Subjects
Sixteen overweight or obese children (11.1±1.9 years; BMI 29.5±5.5 kg/m2) and twenty-one controls (11.5±1.9 years; BMI 18.14±2.3 kg/m2) volunteered for this study with parental consent (Table 1). All the recruited children were born clinically healthy and right-handed. The overweight/obese group (OC) was defined by a BMI equal to or greater than 24 kg/m2, while the BMI of the control group (HC) was lower than 24 kg/m2. Participants were excluded if they presented with any neurological abnormalities, mental deficiencies, psychological disorders, history of cerebral hemorrhaging or brain surgery, consumption of psychoactive drugs, and/or visible brain lesions.
Data acquisition and image processing
All subjects underwent brain scanning using a 3.0 T MR scanner to acquire 3D T1-weighted (T1W) images. Anatomical brain segmentation was performed on the T1W images using AccuBrain, an automated brain segmentation and volumetric quantification software [8]. Volumetric analysis was performed for brain parenchyma and anatomical brain structures such as subcortical (bilateral hippocampus, amygdala, thalamus, caudate, putamen, pallidum, ventral diencephalon (DC) and accumbens) and brainstem structures (midbrain, superior cerebellar peduncle (SCP), pons, medulla). The volumes of these structures were normalized by intracranial volume (ICV) and the resulting volume ratios (% of ICV) were used in the following statistical analyses.
Statistical analysis
The volumetric measures were compared between OC and HC groups using the non-parametric Mann-U Whitney Test. False discovery rate (FDR) correction was performed when needed regarding the multiple comparisons involved among the different brain volumetric measures.
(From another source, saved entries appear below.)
lemma admissible_partial_line_deriv:
  assumes "admissible d f" "i \<in> {1..d}"
  shows "admissible d (partial i f) \<and>
    (\<forall>y\<in>simplex_interior d. ((\<lambda>t. f (y(i := t))) has_real_derivative partial i f y) (at (y i)))"
  using assms
proof induction
  case (admissible_const c)
  show ?case by (rule admissible_partial_if_line_deriv[where D="\<lambda>y. 0"]) (auto intro: admissible.intros)
next
  case (admissible_coord_powr l e)
  have "admissible d (\<lambda>y. if i = l then e * y l powr (e - 1) else 0)"
    using admissible_mult[OF admissible_const admissible.admissible_coord_powr[OF admissible_coord_powr.hyps]]
    by (cases "i = l") (auto intro: admissible_const)
  with coord_powr_line_deriv[OF _ admissible_coord_powr.prems] show ?case
    by (rule admissible_partial_if_line_deriv)
next
  case (admissible_slack_powr b)
  show ?case
    using slack_powr_line_deriv[OF _ admissible_slack_powr.prems]
    by (rule admissible_partial_if_line_deriv)
      (assumption, rule admissible_mult[OF admissible_const admissible.admissible_slack_powr])
next
  case (admissible_add f g)
  then show ?case
    by (intro admissible_partial_if_line_deriv[where D="\<lambda>y. partial i f y + partial i g y"])
      (auto intro: DERIV_add admissible.intros)
next
  case (admissible_mult f g)
  have "((\<lambda>t. f (y(i := t)) * g (y(i := t))) has_real_derivative
      partial i f y * g y + f y * partial i g y) (at (y i))" if "y \<in> simplex_interior d" for y
  proof -
    have "((\<lambda>t. f (y(i := t))) has_real_derivative partial i f y) (at (y i))"
      and "((\<lambda>t. g (y(i := t))) has_real_derivative partial i g y) (at (y i))"
      using admissible_mult.IH[OF admissible_mult.prems] that by blast+
    from DERIV_mult[OF this] show ?thesis by (simp add: algebra_simps)
  qed
  then show ?case
    by (rule admissible_partial_if_line_deriv) (use admissible_mult in \<open>auto intro: admissible.intros\<close>)
next
  case (admissible_simplex_eq f g)
  have "((\<lambda>t. g (y(i := t))) has_real_derivative partial i f y) (at (y i))"
    if y: "y \<in> simplex_interior d" for y
  proof -
    have "((\<lambda>t. f (y(i := t))) has_real_derivative partial i f y) (at (y i))"
      using admissible_simplex_eq.IH[OF admissible_simplex_eq.prems] y by blast
    moreover have "f y = g y"
      using admissible_simplex_eq.hyps(2) y by (simp add: simplex_eq_def)
    ultimately show ?thesis
      using DERIV_cong_ev[OF refl simplex_eq_eventually_line[OF admissible_simplex_eq.hyps(2) y
          admissible_simplex_eq.prems] refl] by simp
  qed
  then show ?case
    by (rule admissible_partial_if_line_deriv)
      (assumption, rule conjunct1[OF admissible_simplex_eq.IH[OF admissible_simplex_eq.prems]])
qed
lemma first_order_condition:
  fixes v c :: "real \<Rightarrow> real" and Cf :: "real measure \<Rightarrow> real"
  assumes X: "compact X" and mu: "\<mu> \<in> Delta X"
    and vm: "(\<lambda>x. indicator X x * v x) \<in> borel_measurable borel" and c: "continuous_on X c"
    and opt: "\<And>N. N \<in> Delta X \<Longrightarrow> ext_int X N v - ereal (Cf N) \<le> ext_int X \<mu> v - ereal (Cf \<mu>)"
    and gat: "\<And>N. N \<in> Delta X \<Longrightarrow> ((\<lambda>\<epsilon>. (Cf (mix \<epsilon> \<mu> N) - Cf \<mu>) / \<epsilon>)
                  \<longlongrightarrow> (LINT x:X|N. c x) - (LINT x:X|\<mu>. c x)) (at_right 0)"
  shows "\<exists>K. (\<forall>x\<in>X. v x \<le> c x + K) \<and> (AE x in \<mu>. x \<in> X \<longrightarrow> v x = c x + K)"
proof -
  interpret prob_space \<mu> using DeltaD[OF mu] by simp
  have Xb: "X \<in> sets borel" using X by (simp add: compact_imp_closed borel_closed)
  have Xm: "X \<in> sets \<mu>" and mX: "measure \<mu> X = 1"
    using Xb DeltaD[OF mu] by (auto simp: emeasure_eq_measure)
  have iX: "integrable \<mu> (indicat_real X)"
    using Xm by (simp add: integrable_real_indicator emeasure_eq_measure)
  define K where "K = (LINT x:X|\<mu>. v x) - (LINT x:X|\<mu>. c x)"
  have le: "\<forall>x\<in>X. v x \<le> c x + K"
  proof
    fix x assume "x \<in> X"
    from optimal_utility_le_marginal_cost[OF Xb mu vm c opt gat this]
    show "v x \<le> c x + K" by (simp add: K_def)
  qed
  have vint: "set_integrable \<mu> X v" using set_integrable_if_optimal[OF Xb mu vm opt] .
  have cint: "set_integrable \<mu> X (\<lambda>x. c x + K)"
    using set_integrable_continuous_on_compact[OF X mu c] iX
    by (intro set_integral_add) (auto simp: set_integrable_def)
  have "(LINT x:X|\<mu>. c x + K) = (LINT x:X|\<mu>. v x)"
    using set_integrable_continuous_on_compact[OF X mu c] iX Xm mX
    by (simp add: set_integral_add set_integral_const K_def set_integrable_def)
  then have "AE x in \<mu>. indicator X x * v x = indicator X x * (c x + K)"
    using vint cint le unfolding set_integrable_def set_lebesgue_integral_def
    by (intro integral_eq_mono_AE_eq_AE) (auto simp: indicator_def)
  then have "AE x in \<mu>. x \<in> X \<longrightarrow> v x = c x + K"
    by eventually_elim (auto simp: indicator_def)
  with le show ?thesis by blast
qed

section \<open>The non-decreasing right-continuous envelope\<close>

text \<open>For \<open>a = Min X\<close>, \<open>mono_envelope X a w\<close> is the least non-decreasing right-continuous
  majorant of \<open>w\<close> on \<open>X\<close>; the \<open>max z a\<close> only keeps the supremum away from the empty set.\<close>

definition sup_upto :: "real set \<Rightarrow> real \<Rightarrow> (real \<Rightarrow> real) \<Rightarrow> real \<Rightarrow> real" where
  "sup_upto X a w z = Sup (w ` {y\<in>X. y \<le> max z a})"

definition mono_envelope :: "real set \<Rightarrow> real \<Rightarrow> (real \<Rightarrow> real) \<Rightarrow> real \<Rightarrow> real" where
  "mono_envelope X a w x = Inf (sup_upto X a w ` {x<..})"

locale bounded_wage =
  fixes X :: "real set" and a B :: real and w :: "real \<Rightarrow> real"
  assumes min_in_X: "a \<in> X" and min_le: "\<And>y. y \<in> X \<Longrightarrow> a \<le> y"
    and wage_le: "\<And>y. y \<in> X \<Longrightarrow> w y \<le> B"
begin

abbreviation "F \<equiv> sup_upto X a w"
abbreviation "W \<equiv> mono_envelope X a w"

lemma wages_upto_nonempty: "w ` {y\<in>X. y \<le> max z a} \<noteq> {}"
  using min_in_X by auto

lemma wages_upto_bdd_above: "bdd_above (w ` {y\<in>X. y \<le> max z a})"
  using wage_le by (auto intro!: bdd_aboveI)

lemma sup_upto_ge: "y \<in> X \<Longrightarrow> y \<le> max z a \<Longrightarrow> w y \<le> F z"
  unfolding sup_upto_def using wages_upto_bdd_above by (intro cSup_upper) auto

lemma sup_upto_le: "F z \<le> B"
  unfolding sup_upto_def using wages_upto_nonempty wage_le by (intro cSup_least) auto

lemma sup_upto_approx:
  assumes "0 < d"
  shows "\<exists>y\<in>X. y \<le> max z a \<and> F z - d < w y"
proof -
  have "F z - d < Sup (w ` {y\<in>X. y \<le> max z a})" using assms by (simp add: sup_upto_def)
  then show ?thesis
    using less_cSup_iff[OF wages_upto_nonempty wages_upto_bdd_above] by auto
qed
To map the network-level of brain structural differences between OC and HC groups, we performed volumetric structural covariance analyses[9]. Here, the brain volumetric structural covariance (or anatomic connection) was defined as the correlation between the regional brain volumetric measures of different brain regions, where the correlation was measured using Spearman's rank partial correlation analyses. In detail, the correlations, which served as edges connecting the nodes of regions of interest (ROIs), were calculated between brain regional volumes of the selected regions in the OC group and in the HC group separately (with age and gender as the covariates). Only the significant correlation between two ROIs would be displayed with an edge between the nodes, and the edge was encoded with colors with respect to the magnitude of the corresponding correlation.
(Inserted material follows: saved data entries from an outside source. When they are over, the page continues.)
(* Let $V$ be a finite ground set, let $(V,\mathcal{F})$ be a matroid whose largest independent set has cardinality $K$, and let $f:2^V\to\mathbb{R}$ be nondecreasing with submodularity ratio $\gamma$. Let $S^*\in\arg\max_{S\in\mathcal{F}} f(S)$ and let $S^{\mathrm{G}}$ be the output of the greedy algorithm described below. Then $$\frac{f(S^{\mathrm{G}})-f(\emptyset)}{f(S^* )-f(\emptyset)}\ \ge\ \frac{\gamma^3}{\gamma^3+1}.$$
   Context: $f$ is nondecreasing if $f(S_1)\le f(S_2)$ for all $S_1\subsetneqq S_2\subset V$. For $S,U\subset V$ let $\rho_U(S)=f(S\cup U)-f(S)$, and write $\rho_\omega(S)=\rho_{\{\omega\}}(S)$. The submodularity ratio of a nondecreasing $f$ is the largest $\gamma\in\mathbb{R}_+$ such that $\gamma\,\rho_\omega(S\cup U)\le\rho_\omega(S)$ for all $S,U\subset V$ and all $\omega\in V$. A matroid $(V,\mathcal{F})$: $\emptyset\in\mathcal{F}$; $\mathcal{F}$ is closed under taking subsets; and if $S_1,S_2\in\mathcal{F}$ with $|S_1|<|S_2|$ there is $\omega\in S_2\setminus S_1$ with $S_1\cup\{\omega\}\in\mathcal{F}$. Greedy algorithm: set $S=\emptyset$, $U=\emptyset$. While $U\neq V$: choose $i\in\arg\max_{i\in V\setminus U}\rho_i(S)$; if $S\cup\{i\}\notin\mathcal{F}$, set $U\leftarrow U\cup\{i\}$; otherwise set $S\leftarrow S\cup\{i\}$ and $U\leftarrow U\cup\{i\}$. When $U=V$, output $S^{\mathrm{G}}=S$. The ratio in the claim is considered when $f(S^* )\neq f(\emptyset)$. *)

theory Defs
  imports Complex_Main
begin

definition nondecreasing :: "'a set \<Rightarrow> ('a set \<Rightarrow> real) \<Rightarrow> bool" where
  "nondecreasing V f \<longleftrightarrow> (\<forall>S1 S2. S1 \<subset> S2 \<and> S2 \<subseteq> V \<longrightarrow> f S1 \<le> f S2)"

definition rho :: "('a set \<Rightarrow> real) \<Rightarrow> 'a set \<Rightarrow> 'a set \<Rightarrow> real" where
  "rho f U S = f (S \<union> U) - f S"

abbreviation rho1 :: "('a set \<Rightarrow> real) \<Rightarrow> 'a \<Rightarrow> 'a set \<Rightarrow> real" where
  "rho1 f w S \<equiv> rho f {w} S"

definition ratio_ok :: "'a set \<Rightarrow> ('a set \<Rightarrow> real) \<Rightarrow> real \<Rightarrow> bool" where
  "ratio_ok V f g \<longleftrightarrow> g \<ge> 0 \<and>
     (\<forall>S U w. S \<subseteq> V \<and> U \<subseteq> V \<and> w \<in> V \<longrightarrow> g * rho1 f w (S \<union> U) \<le> rho1 f w S)"

definition submodularity_ratio :: "'a set \<Rightarrow> ('a set \<Rightarrow> real) \<Rightarrow> real \<Rightarrow> bool" where
  "submodularity_ratio V f g \<longleftrightarrow> ratio_ok V f g \<and> (\<forall>g'. ratio_ok V f g' \<longrightarrow> g' \<le> g)"

definition matroid :: "'a set \<Rightarrow> 'a set set \<Rightarrow> bool" where
  "matroid V F \<longleftrightarrow> F \<subseteq> Pow V \<and> {} \<in> F \<and>
     (\<forall>S T. T \<in> F \<and> S \<subseteq> T \<longrightarrow> S \<in> F) \<and>
     (\<forall>S1 S2. S1 \<in> F \<and> S2 \<in> F \<and> card S1 < card S2 \<longrightarrow> (\<exists>w \<in> S2 - S1. insert w S1 \<in> F))"

text \<open>Reachable states (S,U) of the greedy algorithm (ties in the argmax are broken arbitrarily).\<close>
inductive greedy_state :: "'a set \<Rightarrow> 'a set set \<Rightarrow> ('a set \<Rightarrow> real) \<Rightarrow> 'a set \<Rightarrow> 'a set \<Rightarrow> bool"
  for V F f where
  init: "greedy_state V F f {} {}"
| step: "greedy_state V F f S U \<Longrightarrow> U \<noteq> V \<Longrightarrow> i \<in> V - U \<Longrightarrow>
         (\<forall>j \<in> V - U. rho1 f j S \<le> rho1 f i S) \<Longrightarrow>
         greedy_state V F f (if insert i S \<in> F then insert i S else S) (insert i U)"

definition greedy_output :: "'a set \<Rightarrow> 'a set set \<Rightarrow> ('a set \<Rightarrow> real) \<Rightarrow> 'a set \<Rightarrow> bool" where
  "greedy_output V F f SG \<longleftrightarrow> greedy_state V F f SG V"

end

theory Submission
  imports Defs
begin

text \<open>
  Let \<open>S\<close> be the greedy set after \<open>k\<close> acceptances. For every independent \<open>T\<close> with
  \<open>|T| \<le> k\<close> and every \<open>W \<supseteq> S\<close>, the greedy gain \<open>f S - f {}\<close> dominates
  \<open>\<gamma> \<Sum>\<^sub>x\<^sub>\<in>\<^sub>T \<rho>\<^sub>x(W)\<close>: matroid augmentation pairs the extra element of \<open>T\<close> with the element
  greedy accepts next, and the submodularity ratio passes from \<open>\<rho>\<^sub>x(W)\<close> to \<open>\<rho>\<^sub>x(S)\<close>.
  The greedy output is a basis, so this applies to \<open>T = S\<^sup>*\<close> and \<open>W = S\<^sup>G\<close>; bounding
  the sum of marginals once more by the ratio gives
  \<open>\<gamma>\<^sup>2 (f(S\<^sup>G \<union> S\<^sup>*) - f S\<^sup>G) \<le> f S\<^sup>G - f {}\<close>, whence the ratio is at least
  \<open>\<gamma>\<^sup>2/(\<gamma>\<^sup>2+1) \<ge> \<gamma>\<^sup>3/(\<gamma>\<^sup>3+1)\<close>, as \<open>\<gamma> \<le> 1\<close> unless \<open>f\<close> is constant.
  The rank \<open>K\<close> does not enter the argument.
\<close>

lemma nondecreasingD:
  assumes "nondecreasing V f" "A \<subseteq> B" "B \<subseteq> V"
  shows "f A \<le> f B"
proof (cases "A = B")
  case False
  then show ?thesis using assms unfolding nondecreasing_def by blast
qed simp

lemma matroid_subset_closed: "matroid V F \<Longrightarrow> T \<in> F \<Longrightarrow> S \<subseteq> T \<Longrightarrow> S \<in> F"
  unfolding matroid_def by blast

lemma matroid_subset_ground: "matroid V F \<Longrightarrow> T \<in> F \<Longrightarrow> T \<subseteq> V"
  unfolding matroid_def by blast

lemma matroid_augment:
  "matroid V F \<Longrightarrow> S \<in> F \<Longrightarrow> T \<in> F \<Longrightarrow> card S < card T \<Longrightarrow> \<exists>w \<in> T - S. insert w S \<in> F"
  unfolding matroid_def by blast

lemma ratio_okD:
  "ratio_ok V f \<gamma> \<Longrightarrow> S \<subseteq> V \<Longrightarrow> U \<subseteq> V \<Longrightarrow> w \<in> V \<Longrightarrow> \<gamma> * rho1 f w (S \<union> U) \<le> rho1 f w S"
  unfolding ratio_ok_def by blast

lemma ratio_ok_nonneg: "ratio_ok V f \<gamma> \<Longrightarrow> \<gamma> \<ge> 0"
  unfolding ratio_ok_def by blast

lemma ratio_ok_sum_marginals:
  assumes "ratio_ok V f \<gamma>" "finite T" "T \<subseteq> V" "S \<subseteq> V"
  shows "\<gamma> * rho f T S \<le> (\<Sum>x\<in>T. rho1 f x S)"
  using assms(2,3)
proof (induction T rule: finite_induct)
  case empty
  then show ?case by (simp add: rho_def)
next
  case (insert x T)
  have "\<gamma> * rho f (insert x T) S = \<gamma> * rho1 f x (S \<union> T) + \<gamma> * rho f T S"
    unfolding rho_def by (simp add: algebra_simps insert_commute)
  also have "\<dots> \<le> rho1 f x S + (\<Sum>x\<in>T. rho1 f x S)"
    using ratio_okD[OF assms(1) assms(4), of T x] insert.IH insert.prems by (auto intro: add_mono)
  finally show ?case using insert.hyps by simp
qed

lemma ratio_ok_le_one:
  assumes "ratio_ok V f \<gamma>" "finite T" "T \<subseteq> V" "f {} < f T"
  shows "\<gamma> \<le> 1"
proof (rule ccontr)
  assume "\<not> \<gamma> \<le> 1"
  have no_gain: "rho1 f w S \<le> 0" if "S \<subseteq> V" "w \<in> V" for S w
  proof -
    have "\<gamma> * rho1 f w S \<le> rho1 f w S"
      using ratio_okD[OF assms(1) that(1) _ that(2), of "{}"] by simp
    then have "(\<gamma> - 1) * rho1 f w S \<le> 0" by (simp add: algebra_simps)
    then show ?thesis using \<open>\<not> \<gamma> \<le> 1\<close> by (simp add: mult_le_0_iff)
  qed
  have "f T \<le> f {}"
    using assms(2,3)
  proof (induction T rule: finite_induct)
    case (insert x T)
    then show ?case using no_gain[of T x] by (simp add: rho_def)
  qed simp
  then show False using assms(4) by simp
qed

lemma greedy_state_invariant:
  assumes "greedy_state V F f S U" "matroid V F"
  shows "S \<in> F \<and> S \<subseteq> U \<and> U \<subseteq> V \<and> (\<forall>x \<in> U - S. insert x S \<notin> F)"
  using assms(1)
proof (induction rule: greedy_state.induct)
  case init
  then show ?case using assms(2) unfolding matroid_def by simp
next
  case (step S U i)
  have "insert x (insert i S) \<notin> F" if "x \<in> U - S" for x
    using step.IH that matroid_subset_closed[OF assms(2), of "insert x (insert i S)" "insert x S"]
    by blast
  then show ?case using step by auto
qed

lemma greedy_state_guarantee:
  assumes "greedy_state V F f S U" "matroid V F" "finite V" "ratio_ok V f \<gamma>"
    "nondecreasing V f" "T \<in> F" "card T \<le> card S" "S \<subseteq> W" "W \<subseteq> V"
  shows "\<gamma> * (\<Sum>x\<in>T. rho1 f x W) \<le> f S - f {}"
  using assms(1,6-9)
proof (induction arbitrary: T W rule: greedy_state.induct)
  case init
  then have "T = {}"
    using finite_subset[OF matroid_subset_ground[OF assms(2)] assms(3)] by auto
  then show ?case by simp
next
  case (step S U i)
  note IH = step.IH
  have S: "S \<in> F" "S \<subseteq> U" "U \<subseteq> V" "\<forall>x \<in> U - S. insert x S \<notin> F"
    using greedy_state_invariant[OF step.hyps(1) assms(2)] by auto
  have "finite S" using finite_subset[OF _ assms(3), of S] S by blast
  show ?case
  proof (cases "insert i S \<in> F")
    case False
    then show ?thesis using IH step.prems False by (simp only: False if_False)
  next
    case True
    let ?S' = "insert i S"
    have T: "T \<in> F" "card T \<le> card ?S'" and W: "?S' \<subseteq> W" "W \<subseteq> V"
      using step.prems True by (simp_all only: if_True)
    have "i \<notin> S" "i \<in> V" using step.hyps S by auto
    have gain: "f S \<le> f ?S'" using nondecreasingD[OF assms(5), of S ?S'] \<open>i \<in> V\<close> S by auto
    show ?thesis
    proof (cases "card T \<le> card S")
      case True
      then have "\<gamma> * (\<Sum>x\<in>T. rho1 f x W) \<le> f S - f {}" using IH T W by blast
      then show ?thesis using gain \<open>insert i S \<in> F\<close> by simp
    next
      case False
      have "finite T" using finite_subset[OF matroid_subset_ground[OF assms(2) T(1)] assms(3)] .
      have "card T = Suc (card S)" using False T(2) \<open>i \<notin> S\<close> \<open>finite S\<close> by simp
      then obtain x where x: "x \<in> T - S" "insert x S \<in> F"
        using matroid_augment[OF assms(2) S(1) T(1)] by auto
      have "x \<in> V" using x matroid_subset_ground[OF assms(2) T(1)] by auto
      have "x \<notin> U" using x S(4) by auto
      have "T - {x} \<in> F" using matroid_subset_closed[OF assms(2) T(1)] by blast
      moreover have "card (T - {x}) \<le> card S" using \<open>card T = Suc (card S)\<close> \<open>finite T\<close> x by simp
      ultimately have rest: "\<gamma> * (\<Sum>y\<in>T - {x}. rho1 f y W) \<le> f S - f {}"
        using IH W by blast
      \<comment> \<open>\<open>x\<close> was still a candidate, so greedy's choice \<open>i\<close> gains at least as much.\<close>
      have "\<gamma> * rho1 f x (S \<union> W) \<le> rho1 f x S"
        using ratio_okD[OF assms(4)] S \<open>x \<in> V\<close> W by auto
      also have "\<dots> \<le> rho1 f i S" using step.hyps(4) \<open>x \<in> V\<close> \<open>x \<notin> U\<close> by auto
      also have "\<dots> = f ?S' - f S" unfolding rho_def by simp
      finally have "\<gamma> * rho1 f x W \<le> f ?S' - f S" using W by (simp add: sup.absorb2)
      moreover have "(\<Sum>y\<in>T. rho1 f y W) = rho1 f x W + (\<Sum>y\<in>T - {x}. rho1 f y W)"
        using sum.remove[OF \<open>finite T\<close>] x by blast
      ultimately show ?thesis using rest True by (simp add: distrib_left)
    qed
  qed
qed

lemma greedy_output_is_basis:
  assumes "greedy_output V F f SG" "matroid V F" "T \<in> F"
  shows "card T \<le> card SG"
proof (rule ccontr)
  have SG: "SG \<in> F" "\<forall>x \<in> V - SG. insert x SG \<notin> F"
    using greedy_state_invariant[OF assms(1)[unfolded greedy_output_def] assms(2)] by auto
  assume "\<not> card T \<le> card SG"
  then obtain w where "w \<in> T - SG" "insert w SG \<in> F"
    using matroid_augment[OF assms(2) SG(1) assms(3)] by auto
  then show False using SG(2) matroid_subset_ground[OF assms(2) assms(3)] by auto
qed

lemma greedy_output_guarantee:
  assumes "greedy_output V F f SG" "matroid V F" "finite V" "ratio_ok V f \<gamma>"
    "nondecreasing V f" "T \<in> F"
  shows "\<gamma>\<^sup>2 * rho f T SG \<le> f SG - f {}"
proof -
  have gs: "greedy_state V F f SG V" using assms(1) unfolding greedy_output_def .
  have "SG \<subseteq> V" "T \<subseteq> V"
    using greedy_state_invariant[OF gs assms(2)] matroid_subset_ground[OF assms(2,6)] by auto
  have "\<gamma>\<^sup>2 * rho f T SG = \<gamma> * (\<gamma> * rho f T SG)" by (simp add: power2_eq_square)
  also have "\<dots> \<le> \<gamma> * (\<Sum>x\<in>T. rho1 f x SG)"
    using ratio_ok_sum_marginals[OF assms(4) _ \<open>T \<subseteq> V\<close> \<open>SG \<subseteq> V\<close>] finite_subset[OF \<open>T \<subseteq> V\<close> assms(3)]
      ratio_ok_nonneg[OF assms(4)] by (simp add: mult_left_mono)
  also have "\<dots> \<le> f SG - f {}"
    using greedy_state_guarantee[OF gs assms(2-6) greedy_output_is_basis[OF assms(1,2,6)]]
      \<open>SG \<subseteq> V\<close> by simp
  finally show ?thesis .
qed

lemma ratio_bound_from_gain:
  fixes a b c \<gamma> :: real
  assumes "0 \<le> a" "0 < b" "b - a \<le> c" "\<gamma>\<^sup>2 * c \<le> a" "0 \<le> \<gamma>" "\<gamma> \<le> 1"
  shows "\<gamma> ^ 3 / (\<gamma> ^ 3 + 1) \<le> a / b"
proof -
  have "\<gamma> ^ 3 \<le> \<gamma>\<^sup>2" using assms(5,6) by (simp add: power_decreasing)
  have "\<gamma>\<^sup>2 * (b - a) \<le> a"
    using mult_left_mono[OF assms(3), of "\<gamma>\<^sup>2"] assms(4) by simp
  then have "\<gamma>\<^sup>2 * b \<le> a * (\<gamma>\<^sup>2 + 1)" by (simp add: algebra_simps)
  have "\<gamma> ^ 3 * (\<gamma>\<^sup>2 + 1) \<le> \<gamma>\<^sup>2 * (\<gamma> ^ 3 + 1)"
    using \<open>\<gamma> ^ 3 \<le> \<gamma>\<^sup>2\<close> by (simp add: algebra_simps)
  have "0 < \<gamma>\<^sup>2 + 1" "0 < \<gamma> ^ 3 + 1"
    using assms(5) by (simp_all add: add_nonneg_pos)
  then have "\<gamma> ^ 3 / (\<gamma> ^ 3 + 1) \<le> \<gamma>\<^sup>2 / (\<gamma>\<^sup>2 + 1)"
    using \<open>\<gamma> ^ 3 * (\<gamma>\<^sup>2 + 1) \<le> \<gamma>\<^sup>2 * (\<gamma> ^ 3 + 1)\<close> by (simp add: divide_simps)
  also have "\<dots> \<le> a / b"
    using \<open>\<gamma>\<^sup>2 * b \<le> a * (\<gamma>\<^sup>2 + 1)\<close> \<open>0 < \<gamma>\<^sup>2 + 1\<close> assms(2) by (simp add: divide_simps)
  finally show ?thesis .
qed

theorem theorem2:
  fixes V :: "'a set" and F :: "'a set set" and f :: "'a set \<Rightarrow> real"
    and K :: nat and \<gamma> :: real and Sstar SG :: "'a set"
  assumes "finite V"
    and "matroid V F"
    and "K = Max (card ` F)"
    and "nondecreasing V f"
    and "submodularity_ratio V f \<gamma>"
    and "Sstar \<in> F" and "\<forall>S \<in> F. f S \<le> f Sstar"
    and "greedy_output V F f SG"
    and "f Sstar \<noteq> f {}"
  shows "(f SG - f {}) / (f Sstar - f {}) \<ge> \<gamma> ^ 3 / (\<gamma> ^ 3 + 1)"
proof -
  have ratio: "ratio_ok V f \<gamma>" using assms(5) unfolding submodularity_ratio_def by blast
  have "SG \<subseteq> V" "Sstar \<subseteq> V"
    using greedy_state_invariant[OF assms(8)[unfolded greedy_output_def] assms(2)]
      matroid_subset_ground[OF assms(2,6)] by auto
  then have "f {} \<le> f SG" "f {} < f Sstar" "f Sstar \<le> f (SG \<union> Sstar)"
    using nondecreasingD[OF assms(4)] assms(9) by (auto simp: order.not_eq_order_implies_strict)
  moreover have "\<gamma> \<le> 1"
    using ratio_ok_le_one[OF ratio _ \<open>Sstar \<subseteq> V\<close>] finite_subset[OF \<open>Sstar \<subseteq> V\<close> assms(1)]
      \<open>f {} < f Sstar\<close> by blast
  moreover have "\<gamma>\<^sup>2 * rho f Sstar SG \<le> f SG - f {}"
    using greedy_output_guarantee[OF assms(8,2,1) ratio assms(4,6)] .
  ultimately show ?thesis
    using ratio_bound_from_gain[of "f SG - f {}" "f Sstar - f {}" "rho f Sstar SG" \<gamma>]
      ratio_ok_nonneg[OF ratio] by (simp add: rho_def sup_commute)
qed

end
Specifically, we defined an ROI-ROI correlation as an additional connection if it was significant (after FDR correction) in the OC group but not in the HC group. Likewise, if an ROI-ROI correlation was significant in the HC group but not in the OC group, it was defined as a missing connection in the OC group. The additional connections in the OC group indicated the synergy volume alteration between the regions, and the missing connections in the OC group denoted the disconnection of these regions. In this study, we focused on the subcortical and brainstem structures as the ROIs for the structural covariance analyses.